I got everything together and then while at the party, I just kept thinking how everything felt like it was in slow motion, how much I just wanted to be in bed, how hard it was to even have conversation.

The next day I could barely move, my body had been hurting for a week like I had the flu but this was even worse. Something had to give. I talked to my dear friend who is a nurse and we decided maybe I had depression or something and that I should definitely go to the doctor.

I knew I couldn’t wait any longer. When the doctor came in the room, I asked her to let me talk for three minutes because I honestly wasn’t sure where we should start. I told her about the stressful summer, then how the last few weeks had been. She agreed that could be depression but wanted to do a bunch of labs.
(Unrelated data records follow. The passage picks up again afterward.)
(* Let $x,y$ be allocation rules of $n$-agent rank-based auctions, with $b$ the equilibrium bid function of the all-pay auction with rule $x$. If $\delta_N\le 1/n$, then $Z_y(\delta_N)\,b(\delta_N)\le e\,\delta_N\,y'(\delta_N)$.
   Context: Agents have values i.i.d. from a continuous distribution $F$ on $[0,1]$; quantile $q=F(v)$, $v(q)=F^{-1}(q)$. For $k\in\{1,\dots,n-1\}$ the $k$-highest-bids-win allocation rule is $x_k(q)=\sum_{i=0}^{k-1}\binom{n-1}{i}q^{n-1-i}(1-q)^i$; $x_0\equiv0$, $x_n\equiv1$. A rank-based auction with position weights $1\ge w_1\ge\cdots\ge w_n\ge 0$ ($w_{n+1}:=0$) has allocation rule $\sum_{k=1}^{n}(w_k-w_{k+1})x_k(q)$. The all-pay Bayes–Nash equilibrium bid function for rule $x$ satisfies $b(0)=0$, $b'(q)=v(q)x'(q)$. $Z_y(q)=(1-q)\,y'(q)/x'(q)$. $\delta_N=\max(25\log\log N,n)/N$. *)

theory Defs
  imports "HOL-Analysis.Analysis"
begin

text \<open>k-highest-bids-win allocation rule for n agents (x_0 = 0, x_n = 1 automatically).\<close>
definition khw_alloc :: "nat \<Rightarrow> nat \<Rightarrow> real \<Rightarrow> real" where
  "khw_alloc n k q = (\<Sum>i<k. real ((n - 1) choose i) * q ^ (n - 1 - i) * (1 - q) ^ i)"

definition valid_weights :: "nat \<Rightarrow> (nat \<Rightarrow> real) \<Rightarrow> bool" where
  "valid_weights n w \<longleftrightarrow> w 1 \<le> 1 \<and> w n \<ge> 0 \<and> (\<forall>k\<in>{1..<n}. w (Suc k) \<le> w k)"

definition rank_alloc :: "nat \<Rightarrow> (nat \<Rightarrow> real) \<Rightarrow> real \<Rightarrow> real" where
  "rank_alloc n w q =
     (\<Sum>k=1..n. (w k - (if k = n then 0 else w (Suc k))) * khw_alloc n k q)"

definition cont_cdf01 :: "(real \<Rightarrow> real) \<Rightarrow> bool" where
  "cont_cdf01 F \<longleftrightarrow> mono F \<and> continuous_on UNIV F \<and>
     (\<forall>t\<le>0. F t = 0) \<and> (\<forall>t\<ge>1. F t = 1)"

text \<open>Value as function of quantile: v(q) = F^{-1}(q) (generalized inverse).\<close>
definition quantile_val :: "(real \<Rightarrow> real) \<Rightarrow> real \<Rightarrow> real" where
  "quantile_val F q = Inf {t \<in> {0..1}. q \<le> F t}"

text \<open>All-pay BNE bid function: b(0)=0, b'(q) = v(q) x'(q).\<close>
definition allpay_bid :: "(real \<Rightarrow> real) \<Rightarrow> (real \<Rightarrow> real) \<Rightarrow> real \<Rightarrow> real" where
  "allpay_bid F x q = integral {0..q} (\<lambda>t. quantile_val F t * deriv x t)"

definition Zfun :: "(real \<Rightarrow> real) \<Rightarrow> (real \<Rightarrow> real) \<Rightarrow> real \<Rightarrow> real" where
  "Zfun x y q = (1 - q) * deriv y q / deriv x q"

definition deltaN :: "nat \<Rightarrow> nat \<Rightarrow> real" where
  "deltaN n N = max (25 * ln (ln (real N))) (real n) / real N"

end

theory Submission imports Defs begin

text \<open>For quantiles \<open>t \<le> d\<close> the density of every \<open>k\<close>-highest-bids-win rule satisfies
  \<open>(1 - d)^(n-2) x\<^sub>k'(t) \<le> x\<^sub>k'(d)\<close>, and \<open>(1 - d)^(2-n) \<le> e\<close> as soon as \<open>n d \<le> 1\<close>.
  Rank-based rules are nonnegative combinations of these, so \<open>x'(t) \<le> e x'(d)\<close> on \<open>[0, d]\<close>;
  since values are at most 1, integrating \<open>b' = v x'\<close> gives \<open>b(d) \<le> e d x'(d)\<close>, and
  multiplying by \<open>Z\<^sub>y(d) = (1 - d) y'(d) / x'(d)\<close> yields the claim.\<close>

text \<open>Here \<open>m = n - 1\<close>: \<open>khw_density m k\<close> is the derivative of the \<open>k\<close>-highest-bids-win rule
  for \<open>Suc m\<close> agents.\<close>
definition khw_density :: "nat \<Rightarrow> nat \<Rightarrow> real \<Rightarrow> real" where
  "khw_density m k q =
     (if k = 0 then 0 else real m * real ((m - 1) choose (k - 1)) * q ^ (m - k) * (1 - q) ^ (k - 1))"

lemma has_real_derivative_binomial_term:
  "((\<lambda>q::real. real (m choose k) * q ^ (m - k) * (1 - q) ^ k) has_real_derivative
     real (m choose k) * (real (m - k) * q ^ (m - k - 1) * (1 - q) ^ k
                          - q ^ (m - k) * (real k * (1 - q) ^ (k - 1)))) (at q)"
  by (auto intro!: derivative_eq_intros simp: algebra_simps)

text \<open>The derivative of the binomial term telescopes against the densities.\<close>
lemma khw_density_Suc:
  assumes "k \<le> m"
  shows "khw_density m (Suc k) q = khw_density m k q +
     real (m choose k) * (real (m - k) * q ^ (m - k - 1) * (1 - q) ^ k
                          - q ^ (m - k) * (real k * (1 - q) ^ (k - 1)))"
proof -
  have comp: "real (m - k) * real (m choose k) = real m * real ((m - 1) choose k)"
    using binomial_absorb_comp[of m k] by (metis of_nat_mult)
  show ?thesis
  proof (cases k)
    case 0
    then show ?thesis using comp by (simp add: khw_density_def)
  next
    case (Suc i)
    have absorb: "real k * real (m choose k) = real m * real ((m - 1) choose i)"
      using binomial_absorption[of i m] Suc by (metis of_nat_mult)
    show ?thesis
    proof (cases "k = m")
      case True
      then show ?thesis using Suc absorb by (simp add: khw_density_def algebra_simps)
    next
      case False
      then obtain j where j: "m - k = Suc j"
        using assms by (metis Suc_diff_Suc le_neq_implies_less)
      have ring_identity: "\<And>X Y C a b (q::real). X = C + a * C \<Longrightarrow> Y = C + b * C \<Longrightarrow>
          X * q ^ j * (1 - q) ^ Suc i = Y * q ^ Suc j * (1 - q) ^ i
            + C * ((1 + a) * q ^ j * (1 - q) ^ Suc i - q ^ Suc j * ((1 + b) * (1 - q) ^ i))"
        by (simp add: algebra_simps)
      have X: "real m * real ((m - 1) choose k) = real (m choose k) + real j * real (m choose k)"
        using comp j by (simp add: algebra_simps)
      have Y: "real m * real ((m - 1) choose i) = real (m choose k) + real i * real (m choose k)"
        using absorb Suc by (simp add: algebra_simps)
      have "m - Suc k = j" "m - k - 1 = j" using j by simp_all
      then show ?thesis unfolding khw_density_def
        using Suc j ring_identity[OF X Y, of q] by (simp add: mult.assoc)
    qed
  qed
qed

lemma has_real_derivative_khw_alloc:
  "k \<le> Suc m \<Longrightarrow> (khw_alloc (Suc m) k has_real_derivative khw_density m k q) (at q)"
proof (induction k)
  case 0
  then show ?case by (simp add: khw_alloc_def khw_density_def)
next
  case (Suc k)
  have split: "khw_alloc (Suc m) (Suc k) =
          (\<lambda>q. khw_alloc (Suc m) k q + real (m choose k) * q ^ (m - k) * (1 - q) ^ k)"
    by (auto simp: khw_alloc_def)
  show ?case
    unfolding split khw_density_Suc[OF Suc_le_lessD[OF Suc.prems, THEN less_Suc_eq_le[THEN iffD1]]]
    using Suc.prems by (intro DERIV_add Suc.IH has_real_derivative_binomial_term) simp
qed

lemma khw_density_nonneg: "0 \<le> q \<Longrightarrow> q \<le> 1 \<Longrightarrow> 0 \<le> khw_density m k q"
  by (simp add: khw_density_def)

lemma khw_density_ratio:
  assumes "0 \<le> t" "t \<le> d" "d \<le> 1" "k \<le> Suc m"
  shows "(1 - d) ^ (m - 1) * khw_density m k t \<le> khw_density m k d"
proof (cases "k = 0 \<or> m = 0 \<or> k = Suc m")
  case True
  then show ?thesis by (cases m) (auto simp: khw_density_def binomial_eq_0)
next
  case False
  then have k: "1 \<le> k" "k \<le> m" using assms by auto
  have "(1 - d) ^ (m - 1) * (1 - t) ^ (k - 1) \<le> (1 - d) ^ (m - 1)"
    using assms by (intro mult_left_le power_le_one) auto
  also have "\<dots> \<le> (1 - d) ^ (k - 1)"
    using assms k by (intro power_decreasing) auto
  finally have "t ^ (m - k) * ((1 - d) ^ (m - 1) * (1 - t) ^ (k - 1)) \<le> d ^ (m - k) * (1 - d) ^ (k - 1)"
    using assms by (intro mult_mono power_mono) auto
  then have "real m * real ((m - 1) choose (k - 1)) * (t ^ (m - k) * ((1 - d) ^ (m - 1) * (1 - t) ^ (k - 1)))
     \<le> real m * real ((m - 1) choose (k - 1)) * (d ^ (m - k) * (1 - d) ^ (k - 1))"
    by (intro mult_left_mono) auto
  then show ?thesis using k by (simp add: khw_density_def algebra_simps)
qed

lemma one_le_exp1_mult_power:
  fixes d :: real
  assumes "0 \<le> d" "real (Suc p) * d \<le> 1"
  shows "1 \<le> exp 1 * (1 - d) ^ p"
proof (cases p)
  case 0
  then show ?thesis by (simp add: one_le_exp_iff)
next
  case (Suc p')
  have "2 * d \<le> real (Suc p) * d" using assms Suc by (intro mult_right_mono) auto
  then have d1: "d < 1" using assms by linarith
  text \<open>\<open>(1 - d)^(-p) = (1 + y)^p \<le> exp (p y) \<le> e\<close>.\<close>
  define y where "y = d / (1 - d)"
  have "real p * d \<le> 1 - d" using assms by (simp add: algebra_simps)
  then have py: "real p * y \<le> 1" using d1 by (simp add: y_def field_simps)
  have "(1 + y) ^ p \<le> exp y ^ p"
    using assms d1 by (intro power_mono) (auto simp: y_def add.commute exp_ge_add_one_self)
  also have "\<dots> \<le> exp 1" using py by (simp flip: exp_of_nat_mult)
  finally have "(1 + y) ^ p \<le> exp 1" .
  have "1 = (1 - d) ^ p * (1 + y) ^ p"
    using d1 by (simp add: y_def field_simps flip: power_mult_distrib)
  also have "\<dots> \<le> (1 - d) ^ p * exp 1"
    using d1 \<open>(1 + y) ^ p \<le> exp 1\<close> by (intro mult_left_mono) auto
  finally show ?thesis by (simp add: mult.commute)
qed

definition weight_gap :: "nat \<Rightarrow> (nat \<Rightarrow> real) \<Rightarrow> nat \<Rightarrow> real" where
  "weight_gap n w k = w k - (if k = n then 0 else w (Suc k))"

lemma weight_gap_nonneg: "valid_weights n w \<Longrightarrow> k \<in> {1..n} \<Longrightarrow> 0 \<le> weight_gap n w k"
  unfolding valid_weights_def weight_gap_def by auto

lemma deriv_rank_alloc:
  "deriv (rank_alloc (Suc m) w) q = (\<Sum>k=1..Suc m. weight_gap (Suc m) w k * khw_density m k q)"
proof (rule DERIV_imp_deriv)
  show "(rank_alloc (Suc m) w has_real_derivative
          (\<Sum>k=1..Suc m. weight_gap (Suc m) w k * khw_density m k q)) (at q)"
    unfolding rank_alloc_def weight_gap_def
    by (intro DERIV_sum DERIV_cmult has_real_derivative_khw_alloc) auto
qed

lemma deriv_rank_alloc_nonneg:
  "valid_weights (Suc m) w \<Longrightarrow> 0 \<le> q \<Longrightarrow> q \<le> 1 \<Longrightarrow> 0 \<le> deriv (rank_alloc (Suc m) w) q"
  unfolding deriv_rank_alloc
  by (intro sum_nonneg mult_nonneg_nonneg weight_gap_nonneg khw_density_nonneg) auto

lemma deriv_rank_alloc_ratio:
  assumes "valid_weights (Suc m) w" "0 \<le> t" "t \<le> d" "d \<le> 1"
  shows "(1 - d) ^ (m - 1) * deriv (rank_alloc (Suc m) w) t \<le> deriv (rank_alloc (Suc m) w) d"
  unfolding deriv_rank_alloc sum_distrib_left
proof (intro sum_mono)
  fix k assume "k \<in> {1..Suc m}"
  then show "(1 - d) ^ (m - 1) * (weight_gap (Suc m) w k * khw_density m k t)
               \<le> weight_gap (Suc m) w k * khw_density m k d"
    using assms khw_density_ratio[of t d k m] weight_gap_nonneg[of "Suc m" w k]
    by (simp add: mult.left_commute mult_left_mono)
qed

lemma deriv_rank_alloc_le_exp1:
  assumes "valid_weights (Suc m) w" "0 \<le> t" "t \<le> d" "real (Suc m) * d \<le> 1"
  shows "deriv (rank_alloc (Suc m) w) t \<le> exp 1 * deriv (rank_alloc (Suc m) w) d"
proof -
  have "1 * d \<le> real (Suc m) * d" using assms by (intro mult_right_mono) auto
  then have "d \<le> 1" using assms by linarith
  have "real (Suc (m - 1)) * d \<le> real (Suc m) * d" using assms by (intro mult_right_mono) auto
  then have "1 \<le> exp 1 * (1 - d) ^ (m - 1)"
    using assms by (intro one_le_exp1_mult_power) auto
  then have "1 * deriv (rank_alloc (Suc m) w) t
               \<le> exp 1 * (1 - d) ^ (m - 1) * deriv (rank_alloc (Suc m) w) t"
    using assms \<open>d \<le> 1\<close> by (intro mult_right_mono deriv_rank_alloc_nonneg) auto
  then have "deriv (rank_alloc (Suc m) w) t
               \<le> exp 1 * ((1 - d) ^ (m - 1) * deriv (rank_alloc (Suc m) w) t)"
    by (simp add: mult.assoc)
  also have "\<dots> \<le> exp 1 * deriv (rank_alloc (Suc m) w) d"
    using assms \<open>d \<le> 1\<close> by (intro mult_left_mono deriv_rank_alloc_ratio) auto
  finally show ?thesis .
qed

lemma quantile_val_le_one: "F 1 = 1 \<Longrightarrow> q \<le> 1 \<Longrightarrow> quantile_val F q \<le> 1"
  unfolding quantile_val_def by (rule cInf_lower) (auto simp: bdd_below_def)

text \<open>A non-integrable bid density makes the bid the junk value 0, hence \<open>0 \<le> C\<close>.\<close>
lemma allpay_bid_le:
  assumes "0 \<le> d" "0 \<le> C" "\<And>t. 0 \<le> t \<Longrightarrow> t \<le> d \<Longrightarrow> quantile_val F t * deriv x t \<le> C"
  shows "allpay_bid F x d \<le> d * C"
proof (cases "(\<lambda>t. quantile_val F t * deriv x t) integrable_on {0..d}")
  case True
  then have "allpay_bid F x d \<le> integral {0..d} (\<lambda>t. C)"
    unfolding allpay_bid_def using assms(3) by (intro integral_le) auto
  then show ?thesis using assms(1) by simp
next
  case False
  then show ?thesis using assms by (simp add: allpay_bid_def not_integrable_integral)
qed

lemma Zfun_mult_le:
  assumes "0 \<le> q" "q \<le> 1" "0 \<le> deriv x q" "0 \<le> deriv y q" "0 \<le> K" "b \<le> K * deriv x q"
  shows "Zfun x y q * b \<le> K * deriv y q"
proof (cases "deriv x q = 0")
  case True
  then show ?thesis using assms by (simp add: Zfun_def)
next
  case False
  then have "0 < deriv x q" using assms by linarith
  then have "Zfun x y q * b \<le> (1 - q) * deriv y q / deriv x q * (K * deriv x q)"
    unfolding Zfun_def using assms by (intro mult_left_mono) auto
  also have "\<dots> = (1 - q) * (K * deriv y q)" using \<open>0 < deriv x q\<close> by simp
  also have "\<dots> \<le> K * deriv y q" using assms by (simp add: mult_left_le_one_le)
  finally show ?thesis .
qed

lemma allpay_bid_rank_alloc_le:
  assumes "valid_weights (Suc m) w" "F 1 = 1" "0 \<le> d" "real (Suc m) * d \<le> 1"
  shows "allpay_bid F (rank_alloc (Suc m) w) d \<le> exp 1 * d * deriv (rank_alloc (Suc m) w) d"
proof -
  have "1 * d \<le> real (Suc m) * d" using assms by (intro mult_right_mono) auto
  then have "d \<le> 1" using assms by linarith
  have "quantile_val F t * deriv (rank_alloc (Suc m) w) t \<le> exp 1 * deriv (rank_alloc (Suc m) w) d"
    if "0 \<le> t" "t \<le> d" for t
  proof -
    have "quantile_val F t * deriv (rank_alloc (Suc m) w) t \<le> 1 * deriv (rank_alloc (Suc m) w) t"
      using that assms \<open>d \<le> 1\<close>
      by (intro mult_right_mono quantile_val_le_one deriv_rank_alloc_nonneg) auto
    also have "\<dots> \<le> exp 1 * deriv (rank_alloc (Suc m) w) d"
      using that assms by (simp add: deriv_rank_alloc_le_exp1)
    finally show ?thesis .
  qed
  then have "allpay_bid F (rank_alloc (Suc m) w) d \<le> d * (exp 1 * deriv (rank_alloc (Suc m) w) d)"
    using assms \<open>d \<le> 1\<close> by (intro allpay_bid_le mult_nonneg_nonneg deriv_rank_alloc_nonneg) auto
  then show ?thesis by (simp add: mult.assoc mult.left_commute)
qed

theorem mainTheorem11:
  fixes n N :: nat and F :: "real \<Rightarrow> real" and w u :: "nat \<Rightarrow> real"
  assumes "n \<ge> 1"
    and "cont_cdf01 F"
    and "valid_weights n w" and "valid_weights n u"
    and "deltaN n N \<le> 1 / real n"
  shows "Zfun (rank_alloc n w) (rank_alloc n u) (deltaN n N)
           * allpay_bid F (rank_alloc n w) (deltaN n N)
         \<le> exp 1 * deltaN n N * deriv (rank_alloc n u) (deltaN n N)"
proof -
  obtain m where n: "n = Suc m" using assms(1) by (cases n) auto
  define d where "d = deltaN n N"
  have d0: "0 \<le> d" unfolding d_def deltaN_def by (intro divide_nonneg_nonneg) auto
  have nd: "real (Suc m) * d \<le> 1" using assms(5) n by (simp add: d_def field_simps)
  moreover have "1 * d \<le> real (Suc m) * d" using d0 by (intro mult_right_mono) auto
  ultimately have d1: "d \<le> 1" by linarith
  have "F 1 = 1" using assms(2) unfolding cont_cdf01_def by auto
  then have "allpay_bid F (rank_alloc n w) d \<le> exp 1 * d * deriv (rank_alloc n w) d"
    using assms(3) n d0 nd by (simp add: allpay_bid_rank_alloc_le)
  moreover have "0 \<le> deriv (rank_alloc n w) d" "0 \<le> deriv (rank_alloc n u) d"
    using assms(3,4) d0 d1 unfolding n by (simp_all add: deriv_rank_alloc_nonneg)
  ultimately show ?thesis
    unfolding d_def[symmetric] using d0 d1 by (intro Zfun_mult_le) auto
qed

end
She insisted on testing for tick diseases. I told her she was crazy…because I’m not a fan of hot weather and only walk to the car and back this time of year. She turned out to be right.

Days later she called to tell me I have Rocky Mountain Spotted Fever. Because it is so rare, neither of us knew much about it, but she described me the treatment for it and discussed how it had damaged my red blood cells, but looked like I had escaped organ damage. RMSF is the deadliest of the tick diseases and people die from it while in acute infection. I was safe from that, afterall “I can’t die while they are young.”

Doing research and talking to other patients was most helpful. It’s also very scary to know the long recovery I’m up against...because there’s only me.

It will be six months before I feel as well as I am going to feel. I have an hour or two I can do things each day, doing more means I will painfully pay later! Invisible illnesses suck, because no one can SEE how much pain I feel, how tired I am, the daily headaches, the nausea, that if I start walking at my normal pace, it hurts and I have to remind myself I can do that anymore.

I’m angry that a tiny little bug could steal quality of life away from me and my children.

Almost a month into RMSF, I already feel isolated, my life feels quite small. I’m scared about how small it will shrink in the coming months, if my children will lose faith in me because I have to say “I can’t today” too many times, if we will get evicted because I’m self-employed and can’t work, if I won’t hear from friends who don’t understand what they can’t SEE or worse, hear their disbelief.

Today, I’m acutely aware I’m untethered and can’t climb the rock wall anymore, my fingers are aching from holding on by my nails. I don’t know what it will feel like to fall without that tether but I realistically can’t hold on.